Allison Schrager: Why boomers have more money than everyone else
Published in Op Eds
It is the richest of times, all apologies to Dickens, and it is the most unequal of times. The difference in wealth and income between the top 1% and the rest of America tends to get more attention, but one of the more striking wealth gaps is generational: Older Americans are far richer than young Americans.
The good news is that most Americans, of all ages, have never had more wealth. But estimates in new research from Edward Wolff, the economist at New York University who has long studied wealth in America, show a large and growing gap in net worth between Americans over age 75 and those under 35. No wonder everyone hates the Boomers.
Several economic trends have contributed to this divergence. One is the increase in stock ownership: In 1989, only 32% of Americans (of all ages) owned stock; by 2022, 58% did. This is in large part because 401(k)-type plans became more common and, according to the paper, displaced more liquid and less remunerative forms of saving such as checking accounts.
Boomers were the first generation to be offered 401(k)s at work when they were young, and they have contributed to their wealth in retirement. Because 401(k)s are cheaper for employers to offer than defined-benefit plans, more people have them, and more have retirement benefits, period. According to the paper, stocks as a share of Americans’ retirement portfolios more than doubled between 1983 and 2022, mostly because the market did so well — the S&P 500 has risen nearly 20-fold since 1989. It has been a good time to own stocks.
The other big change is the increase in home ownership. Between 1983 and 2022, it went up by 5.2 percentage points, to 67.4%. The paper estimates home ownership rates were flat for those under the age of 35, but older Americans became more likely to own their home. The homeownership rate of Americans aged 65 or older increased more than 7 percentage points.

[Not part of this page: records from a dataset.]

(* Let $\mathcal{P}$ be a set of mutually commuting Pauli operators on $n$ qubits generated by $r$ independent Pauli operators. The qubitwise diagonalization algorithm described in the context, with the logarithmic-depth version of Step 2 and with a null vector of symplectic weight at most $r^{(\alpha)}+1$ chosen at each stage $\alpha$, outputs a Clifford circuit that simultaneously diagonalizes all operators in $\mathcal{P}$, in which each stage has depth $O(\log r^{(\alpha)})$ and the whole circuit has depth $O(n\log r)$, assuming two-qubit gates that share a qubit cannot be executed in parallel while gates on disjoint qubits can.
   Context: A Pauli operator on $m$ qubits is encoded, up to phase, by $u=(\boldsymbol{x},\boldsymbol{z})\in\mathbb{F}_2^{2m}$ via $P=\bigotimes_{j=1}^m X^{x_j}Z^{z_j}$. For a set of Pauli operators, the tableau $(\mathcal{X}\mid\mathcal{Z})$ is the binary matrix whose rows encode the operators; the number of independent generators is its $\mathbb{F}_2$-rank. An operator is diagonal on qubit $j$ if its $j$-th tensor factor is $I$ or $Z$. The symplectic weight of $(\boldsymbol{v},\boldsymbol{w})\in\mathbb{F}_2^{2m}$ is $\omega(\boldsymbol{v},\boldsymbol{w})=|\{j: (v_j,w_j)\neq(0,0)\}|$. Qubitwise diagonalization algorithm. At stage $\alpha$: discard the qubits on which all operators are already diagonal; let $n^{(\alpha)}$ be the number of remaining qubits (stop if $n^{(\alpha)}=0$); let $T^{(\alpha)}$ be an independent generating set of the operators restricted to the remaining qubits, of size $r^{(\alpha)}$, with $r^{(\alpha)}\times 2n^{(\alpha)}$ tableau $M^{(\alpha)}$. Choose a nonzero $(\boldsymbol{v},\boldsymbol{w})$ with $M^{(\alpha)}(\boldsymbol{v};\boldsymbol{w})=0$ over $\mathbb{F}_2$. Step 1: for each qubit $j$, if $v_j=0,w_j=1$ conjugate by a Hadamard $\mathrm{H}(j)$; if $v_j=w_j=1$ conjugate by the phase gate $\mathrm{S}(j)$ and then $\mathrm{H}(j)$. Step 2 (logarithmic-depth version): let $Q=(q_1,q_2,\dots)$ list the qubits $q$ with $(v_q,w_q)\neq(0,0)$; while $|Q|>1$, conjugate by $\mathrm{CNOT}(q_{2j},q_{2j-1})$ (control $q_{2j}$, target $q_{2j-1}$) for $j=1,\dots,\lfloor |Q|/2\rfloor$, then remove $q_{2},q_4,\dots,q_{2\lfloor|Q|/2\rfloor}$ from $Q$. Then proceed to stage $\alpha+1$. The output circuit is the composition of all gates used. *)

theory Defs
  imports Complex_Main "HOL-Library.Z2"
begin

text \<open>A Pauli operator (up to phase) on qubits 0,1,2,... is encoded by its X-part and Z-part,
  binary vectors over F2 (type bit).  P = tensor_j X^(x j) Z^(z j).\<close>
type_synonym pauli = "(nat \<Rightarrow> bit) \<times> (nat \<Rightarrow> bit)"

definition pauli_on :: "nat \<Rightarrow> pauli \<Rightarrow> bool" where
  "pauli_on n p \<longleftrightarrow> (\<forall>j\<ge>n. fst p j = 0 \<and> snd p j = 0)"

definition vsum :: "pauli set \<Rightarrow> pauli" where
  "vsum T = ((\<lambda>j. \<Sum>p\<in>T. fst p j), (\<lambda>j. \<Sum>p\<in>T. snd p j))"

definition f2span :: "pauli set \<Rightarrow> pauli set" where
  "f2span S = {vsum T | T. finite T \<and> T \<subseteq> S}"

definition f2indep :: "pauli set \<Rightarrow> bool" where
  "f2indep S \<longleftrightarrow> (\<forall>T. finite T \<and> T \<subseteq> S \<and> T \<noteq> {} \<longrightarrow> vsum T \<noteq> ((\<lambda>_. 0), (\<lambda>_. 0)))"

text \<open>Symplectic product; Paulis commute iff it is 0.\<close>
definition symp :: "nat \<Rightarrow> pauli \<Rightarrow> pauli \<Rightarrow> bit" where
  "symp n p q = (\<Sum>j<n. fst p j * snd q j + snd p j * fst q j)"

text \<open>Diagonal on every qubit j < n: each tensor factor is I or Z.\<close>
definition diagonal_on :: "nat \<Rightarrow> pauli \<Rightarrow> bool" where
  "diagonal_on n p \<longleftrightarrow> (\<forall>j<n. fst p j = 0)"

text \<open>Clifford gates: Hadamard, phase gate S, CNOT (control, target).\<close>
datatype gate = Hd nat | Ph nat | CX nat nat

text \<open>Tableau action of conjugation P \<mapsto> U P U^dagger (up to phase).\<close>
fun conj_gate :: "gate \<Rightarrow> pauli \<Rightarrow> pauli" where
  "conj_gate (Hd j) (x, z) = (x(j := z j), z(j := x j))"
| "conj_gate (Ph j) (x, z) = (x, z(j := z j + x j))"
| "conj_gate (CX c t) (x, z) = (x(t := x t + x c), z(c := z c + z t))"

text \<open>A circuit is a gate list, first gate applied first.\<close>
definition conj_circ :: "gate list \<Rightarrow> pauli \<Rightarrow> pauli" where
  "conj_circ gs p = fold conj_gate gs p"

text \<open>Depth: gates sharing a qubit cannot run in parallel, gates on disjoint qubits can;
  ASAP layering (length of the longest dependency chain).\<close>
fun gate_qubits :: "gate \<Rightarrow> nat set" where
  "gate_qubits (Hd j) = {j}"
| "gate_qubits (Ph j) = {j}"
| "gate_qubits (CX c t) = {c, t}"

fun sched :: "(nat \<Rightarrow> nat) \<Rightarrow> gate list \<Rightarrow> (nat \<Rightarrow> nat)" where
  "sched t [] = t"
| "sched t (g # gs) =
     sched (let d = Suc (Max (t ` gate_qubits g)) in (\<lambda>q. if q \<in> gate_qubits g then d else t q)) gs"

definition depth :: "gate list \<Rightarrow> nat" where
  "depth gs = Max (insert 0 (sched (\<lambda>_. 0) gs ` (\<Union>g\<in>set gs. gate_qubits g)))"

definition active :: "nat \<Rightarrow> pauli set \<Rightarrow> nat set" where
  "active n S = {j. j < n \<and> (\<exists>p\<in>S. fst p j \<noteq> 0)}"

definition restr :: "nat set \<Rightarrow> pauli \<Rightarrow> pauli" where
  "restr A p = ((\<lambda>j. if j \<in> A then fst p j else 0), (\<lambda>j. if j \<in> A then snd p j else 0))"

text \<open>Step 2, logarithmic-depth version.  With 0-based lists, one round applies
  CNOT(Q!(2i+1), Q!(2i)) and keeps the elements at even positions.\<close>
fun cnot_round :: "nat list \<Rightarrow> gate list" where
  "cnot_round (a # b # rest) = CX b a # cnot_round rest"
| "cnot_round _ = []"

fun keep_targets :: "nat list \<Rightarrow> nat list" where
  "keep_targets (a # b # rest) = a # keep_targets rest"
| "keep_targets xs = xs"

fun cnot_tree_fuel :: "nat \<Rightarrow> nat list \<Rightarrow> gate list" where
  "cnot_tree_fuel 0 Q = []"
| "cnot_tree_fuel (Suc k) Q =
     (if length Q \<le> 1 then [] else cnot_round Q @ cnot_tree_fuel k (keep_targets Q))"

definition cnot_tree :: "nat list \<Rightarrow> gate list" where
  "cnot_tree Q = cnot_tree_fuel (length Q) Q"

definition step1 :: "(nat \<Rightarrow> bit) \<Rightarrow> (nat \<Rightarrow> bit) \<Rightarrow> nat list \<Rightarrow> gate list" where
  "step1 v w Q = concat (map (\<lambda>j. if v j = 0 \<and> w j = 1 then [Hd j]
                                  else if v j = 1 \<and> w j = 1 then [Ph j, Hd j] else []) Q)"

definition stage_gates :: "(nat \<Rightarrow> bit) \<Rightarrow> (nat \<Rightarrow> bit) \<Rightarrow> nat list \<Rightarrow> gate list" where
  "stage_gates v w Q = step1 v w Q @ cnot_tree Q"

text \<open>A stage: independent generating set T of the restricted operators (r = card T),
  null vector (v,w) of the tableau of T, of symplectic weight \<le> r + 1, and an
  enumeration Q of its support.\<close>
type_synonym stage = "pauli set \<times> (nat \<Rightarrow> bit) \<times> (nat \<Rightarrow> bit) \<times> nat list"

definition stage_ok :: "nat \<Rightarrow> pauli set \<Rightarrow> stage \<Rightarrow> bool" where
  "stage_ok n S st = (case st of (T, v, w, Q) \<Rightarrow>
     (let A = active n S in
        A \<noteq> {} \<and>
        finite T \<and> f2indep T \<and> f2span T = f2span (restr A ` S) \<and>
        (\<forall>j. j \<notin> A \<longrightarrow> v j = 0 \<and> w j = 0) \<and>
        (\<exists>j\<in>A. v j \<noteq> 0 \<or> w j \<noteq> 0) \<and>
        (\<forall>p\<in>T. (\<Sum>j\<in>A. fst p j * v j + snd p j * w j) = 0) \<and>
        card {j\<in>A. v j \<noteq> 0 \<or> w j \<noteq> 0} \<le> card T + 1 \<and>
        distinct Q \<and> set Q = {j\<in>A. v j \<noteq> 0 \<or> w j \<noteq> 0}))"

definition stage_circ :: "stage \<Rightarrow> gate list" where
  "stage_circ st = (case st of (T, v, w, Q) \<Rightarrow> stage_gates v w Q)"

definition stage_rank :: "stage \<Rightarrow> nat" where
  "stage_rank st = (case st of (T, v, w, Q) \<Rightarrow> card T)"

fun partial_run :: "nat \<Rightarrow> pauli set \<Rightarrow> stage list \<Rightarrow> bool" where
  "partial_run n S [] = True"
| "partial_run n S (st # rest) =
     (stage_ok n S st \<and> partial_run n (conj_circ (stage_circ st) ` S) rest)"

fun complete_run :: "nat \<Rightarrow> pauli set \<Rightarrow> stage list \<Rightarrow> bool" where
  "complete_run n S [] = (active n S = {})"
| "complete_run n S (st # rest) =
     (stage_ok n S st \<and> complete_run n (conj_circ (stage_circ st) ` S) rest)"

definition run_circ :: "stage list \<Rightarrow> gate list" where
  "run_circ R = concat (map stage_circ R)"

end

theory Submission
  imports Defs "HOL-Library.Function_Algebras" "HOL-Library.Product_Plus" "HOL-Library.Discrete_Functions"
begin

text \<open>At each stage the null vector (v, w) is symplectically orthogonal to the generators, hence,
  by linearity, to the restriction of every operator to the non-diagonal qubits.  Step 1 turns the
  X-bit of each qubit j of the support Q into v j x j + w j z j, and the CNOT tree adds these bits up
  on the first qubit of Q, where they cancel by orthogonality; qubits outside Q are untouched.  So
  each stage makes one more qubit diagonal, and there are at most n stages.  Clifford conjugation
  preserves commutation and the rank bound r, and a null vector of weight at most r + 1 always
  exists: if at most r + 1 qubits are active, the symplectic dual (z, x) of a generator is one;
  otherwise some r + 1 X-columns of the generators are linearly dependent.  Step 1 has depth 2 and
  the CNOT tree on at most r + 1 qubits has depth at most 1 + log2 r, since each round halves Q.\<close>

declare add_bit_eq_xor[simp del] mult_bit_eq_and[simp del]
  \<comment> \<open>keep bit arithmetic in ring form, so that \<open>algebra_simps\<close> applies\<close>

Meanwhile, as with equities, the value of real estate has increased since the 1980s. This is due in part to limited housing relative to a growing population, as well as to better, bigger homes with more amenities. Then again, mortgage debt also increased for all age groups, especially for young people attempting to buy their first home. This greater debt is contributing to the growing inequality between age groups.
Inequality is often called the major economic issue of our era. But when the inequality is between the young and old, or within a family, it may be less of a problem. For one, the olds did not necessarily get rich at the expense of the youngs. For another, this inequality may simply reflect an ownership society in which more people save for their retirement and own their homes. Such a world would be more unequal because older people have had more years to accumulate wealth and enjoy the benefits of compound returns.
To put it another way: The young people of today may yet have their time. There is certainly no guarantee that the next 40 years will be as prosperous as the last, but there are reasons to think it will. Some of the young may also inherit some of their elders’ money, too.
There is, I acknowledge, a seductive zero-sum view of this wealth gap. It goes something like this: First, older people benefited from buying houses when they were cheaper (though mortgage rates were higher). But there is a finite supply of housing, and prices went up, pricing out younger buyers.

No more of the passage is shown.